[Saved entries]

theorem theorem3p12:
  fixes T s :: real
    and b :: "real \<Rightarrow> real^'d::finite \<Rightarrow> real^'d"
    and \<sigma> :: "real \<Rightarrow> real^'d \<Rightarrow> real^'n::finite^'d"
    and \<alpha> lam C :: real and \<eta> :: "real \<Rightarrow> real^'d \<Rightarrow> real"
    and M :: "'w measure" and F :: "real \<Rightarrow> 'w measure" and X :: "real \<Rightarrow> 'w \<Rightarrow> real^'d"
    and bbar :: "real \<Rightarrow> real \<Rightarrow> real^'d \<Rightarrow> real^'d"
    and abar :: "real \<Rightarrow> real \<Rightarrow> real^'d \<Rightarrow> real^'d^'d"
    and q :: "real \<Rightarrow> real^'d \<Rightarrow> real^'d" and r :: "real \<Rightarrow> real^'d \<Rightarrow> real^'d^'d"
    and p :: "real^'d \<Rightarrow> real"
    and w1 :: "'d \<Rightarrow> real^'d \<Rightarrow> real" and w2 :: "'d \<Rightarrow> 'd \<Rightarrow> real^'d \<Rightarrow> real"
    and v vt :: "real^'d \<Rightarrow> real"
  defines "a \<equiv> (\<lambda>t x. \<sigma> t x ** transpose (\<sigma> t x))"
  assumes T_pos: "0 < T"
    and regular: "regular_conditions T b a \<alpha> lam C \<eta>"
    and sde: "solves_martingale_problem M F X b a T"
    and bbar_diff: "\<forall>t\<in>{0..T}. \<forall>x. \<forall>h\<in>{-1..1}. (\<lambda>h. bbar t h x) differentiable (at h within {-1..1})"
    and abar_diff: "\<forall>t\<in>{0..T}. \<forall>x. \<forall>h\<in>{-1..1}. (\<lambda>h. abar t h x) differentiable (at h within {-1..1})"
    and bbar0: "\<forall>t\<in>{0..T}. \<forall>x. bbar t 0 x = b t x"
    and abar0: "\<forall>t\<in>{0..T}. \<forall>x. abar t 0 x = a t x"
    and q_def: "\<forall>t\<in>{0..T}. \<forall>x. ((\<lambda>h. bbar t h x) has_vector_derivative q t x) (at 0 within {-1..1})"
    and r_def: "\<forall>t\<in>{0..T}. \<forall>x. ((\<lambda>h. abar t h x) has_vector_derivative r t x) (at 0 within {-1..1})"
    and s_range: "0 \<le> s" "s < T"
    and p_meas: "p \<in> borel_measurable lborel"
    and p_density: "distr M lborel (X s) = density lborel (\<lambda>x. ennreal (p x))"
    and p_pos: "\<forall>x. p x > 0"
    and p_H2: "H2_loc p"
    and q_Cc1: "C_c 1 (q s)"
    and r_Cc2: "C_c 2 (r s)"
    and w1_weak: "\<forall>i. weak_deriv [i] (\<lambda>x. q s x $ i * p x) (w1 i)"
    and w2_weak: "\<forall>i j. weak_deriv [i, j] (\<lambda>x. r s x $ i $ j * p x) (w2 i j)"
    and v_def: "v = (\<lambda>x. ((- (\<Sum>i\<in>UNIV. w1 i x)) + 1/2 * (\<Sum>i\<in>UNIV. \<Sum>j\<in>UNIV. w2 i j x)) / p x)"
    and vt_meas: "vt \<in> borel_measurable lborel"
    and vt_L1: "integrable (density lborel (\<lambda>x. ennreal (p x))) vt"
    and same_exp: "\<forall>f t. test_fun f \<longrightarrow> s < t \<longrightarrow> t \<le> T \<longrightarrow>
        (\<integral>\<omega>. f (X t \<omega>) * v (X s \<omega>) \<partial>M) = (\<integral>\<omega>. f (X t \<omega>) * vt (X s \<omega>) \<partial>M)"
  shows "AE x in lborel. v x = vt x"
proof -
  let ?\<mu> = "density lborel (\<lambda>x. ennreal (p x))"
  note paths = solves_martingale_problem_paths[OF sde]
  have "integrable lborel (w1 i)" for i
    by (rule integrable_weak_deriv_if_C_c_factor[OF w1_weak[rule_format] q_Cc1]) simp
  moreover have "integrable lborel (w2 i j)" for i j
    by (rule integrable_weak_deriv_if_C_c_factor[OF w2_weak[rule_format] r_Cc2]) simp
  ultimately have v_int: "integrable ?\<mu> v"
    unfolding v_def using p_meas p_pos by (intro integrable_density_divide) auto
  then have v_meas: "v \<in> borel_measurable lborel"
    by (simp add: borel_measurable_integrable)
  have "(\<integral>x. bump n c d x * v x \<partial>?\<mu>) = (\<integral>x. bump n c d x * vt x \<partial>?\<mu>)" for n c d
  proof (rule integral_density_eq_at_left_endpoint[OF paths s_range p_density])
    show "continuous_on UNIV (bump n c d)" "\<And>x. \<bar>bump n c d x\<bar> \<le> 1"
      using test_fun_imp_continuous[OF test_fun_bump] bump_bounds[of n c d] by auto
  qed (use same_exp test_fun_bump v_int v_meas vt_L1 vt_meas in auto)
  then show ?thesis
    using p_meas vt_meas p_pos v_int v_meas vt_L1 by (intro AE_eq_if_density_bump_integrals_eq) auto
qed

• Task to carry out:
Using the data above, transcribe the lines that run from the line with "abar t 0 x = a" to the line with "t \<le> T \<longrightarrow>", both ends kept, and output nothing else.

• Answer to this exercise:
    and abar0: "\<forall>t\<in>{0..T}. \<forall>x. abar t 0 x = a t x"
    and q_def: "\<forall>t\<in>{0..T}. \<forall>x. ((\<lambda>h. bbar t h x) has_vector_derivative q t x) (at 0 within {-1..1})"
    and r_def: "\<forall>t\<in>{0..T}. \<forall>x. ((\<lambda>h. abar t h x) has_vector_derivative r t x) (at 0 within {-1..1})"
    and s_range: "0 \<le> s" "s < T"
    and p_meas: "p \<in> borel_measurable lborel"
    and p_density: "distr M lborel (X s) = density lborel (\<lambda>x. ennreal (p x))"
    and p_pos: "\<forall>x. p x > 0"
    and p_H2: "H2_loc p"
    and q_Cc1: "C_c 1 (q s)"
    and r_Cc2: "C_c 2 (r s)"
    and w1_weak: "\<forall>i. weak_deriv [i] (\<lambda>x. q s x $ i * p x) (w1 i)"
    and w2_weak: "\<forall>i j. weak_deriv [i, j] (\<lambda>x. r s x $ i $ j * p x) (w2 i j)"
    and v_def: "v = (\<lambda>x. ((- (\<Sum>i\<in>UNIV. w1 i x)) + 1/2 * (\<Sum>i\<in>UNIV. \<Sum>j\<in>UNIV. w2 i j x)) / p x)"
    and vt_meas: "vt \<in> borel_measurable lborel"
    and vt_L1: "integrable (density lborel (\<lambda>x. ennreal (p x))) vt"
    and same_exp: "\<forall>f t. test_fun f \<longrightarrow> s < t \<longrightarrow> t \<le> T \<longrightarrow>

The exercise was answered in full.